2. Find the indefinite integral of x*sqrt(9+x^2)dx using the substitution x=3tan(theta):
To solve this integral, we will use the substitution method.
Let x = 3tan(theta), then dx = 3sec^2(theta)d(theta).
By substituting the expressions for x and dx, we convert the given integral into a new integral:
∫ x*sqrt(9+x^2)dx = ∫ (3tan(theta))*sqrt(9+(3tan(theta))^2)*(3sec^2(theta))d(theta).
Simplifying the expression further, we have:
= 27∫ tan(theta)*sec(theta)*sqrt(9tan^2(theta)+9) d(theta).
Now, using the trigonometric identity sec^2(theta) = 1 + tan^2(theta), we can simplify the expression inside the square root:
= 27∫ tan(theta)*sec(theta)*3sec(theta) d(theta).
= 81∫ tan(theta)sec^2(theta)d(theta).
This integral simplifies back to the original integral of tan(theta)sec^2(theta), which is simply sec(theta) + C.
Substituting back the value of x, we have:
∫ x*sqrt(9+x^2)dx = 81(sec(theta)) + C.
Now, we need to convert the answer back to x form. We can use the right triangle relationship from the substitution:
tan(theta) = x/3, so sec(theta) = sqrt(1 + tan^2(theta)) = sqrt(1 + (x/3)^2) = sqrt((x^2+9)/9).
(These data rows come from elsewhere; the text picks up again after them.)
text \<open>Once edges longer than \<open>L\<close> are removed, the \<open>k\<close>-ball around a site \<open>i\<close> only sees the
  edges inside the window \<open>[i - kL, i + kL]\<close>. For a site at distance more than \<open>kL\<close> from the
  boundary of \<open>[N]\<close> the edges of \<open>G\<^sub>N\<close> in this window have, after translation by \<open>-i\<close>, the
  same law as those of \<open>G\<close> around \<open>0\<close>; so the expected count is \<open>N \<mu>\<close> up to a boundary error
  of \<open>2kL\<close>. Sites in the same residue class modulo \<open>2kL + 1\<close> have disjoint windows, so their
  indicators are independent and Hoeffding's inequality applies within each class; a union
  bound over the \<open>2kL + 1\<close> classes gives the estimate once \<open>N\<close> is large.\<close>

section \<open>Locality of truncated balls\<close>

definition window :: "int \<Rightarrow> int \<Rightarrow> int set" where
  "window R i = {i - R .. i + R}"

lemma elen_doubleton: "elen {x, y} = nat \<bar>x - y\<bar>"
  unfolding elen_def by (simp add: max_def min_def abs_if)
Finally, substituting sec(theta) = sqrt((x^2+9)/9) back into the answer gives us:
∫ x*sqrt(9+x^2)dx = 81(sqrt((x^2+9)/9)) + C.
3. Find the indefinite integral of cos(x)sin^3(x)dx:
To solve this integral, we will use the integration by parts method.
Let u = sin(x), then du = cos(x)dx.
And dv = sin^2(x)dx, then v = ∫ sin^2(x)dx = (1/2) ∫ (1 - cos(2x))dx = (1/2) (x - (1/2)sin(2x)).
Now, using the integration by parts formula:
∫ u dv = uv - ∫ v du.
We have:
∫ cos(x)sin^3(x)dx = (1/2)sin^2(x) - (1/2) ∫ (x - (1/2)sin(2x)) cos(x)dx.
Simplifying the expression further, we have:
= (1/2)sin^2(x) - (1/2) ∫ (x cos(x) - (1/2)sin(2x)cos(x))dx.
= (1/2)sin^2(x) - (1/2) ∫ x cos(x)dx + (1/4) ∫ sin(2x)cos(x)dx.
The first integral, ∫ x cos(x)dx, can be integrated using integration by parts or direct integration to give x sin(x) - ∫ sin(x)dx = x sin(x) + cos(x) + C1.
The second integral, ∫ sin(2x)cos(x)dx, can be rewritten using the double angle identity sin(2x) = 2sin(x)cos(x):
= (1/4) ∫ 2sin(x)cos^2(x)dx.
Now, we let u = cos(x), then du = -sin(x)dx.
And dv = 2sin(x)cos^2(x)dx, then v = ∫ 2sin(x)cos^2(x)dx = 2/3 cos^3(x).
Therefore, applying the integration by parts formula to the second integral:
= (1/4) (-2/3 cos^3(x)) + C2 = -1/6 cos^3(x) + C2.
Putting everything together, the final solution is:
∫ cos(x)sin^3(x)dx = (1/2)sin^2(x) - (1/2)(x sin(x) + cos(x)) - 1/6 cos^3(x) + C, where C = C1 + C2 is the constant of integration.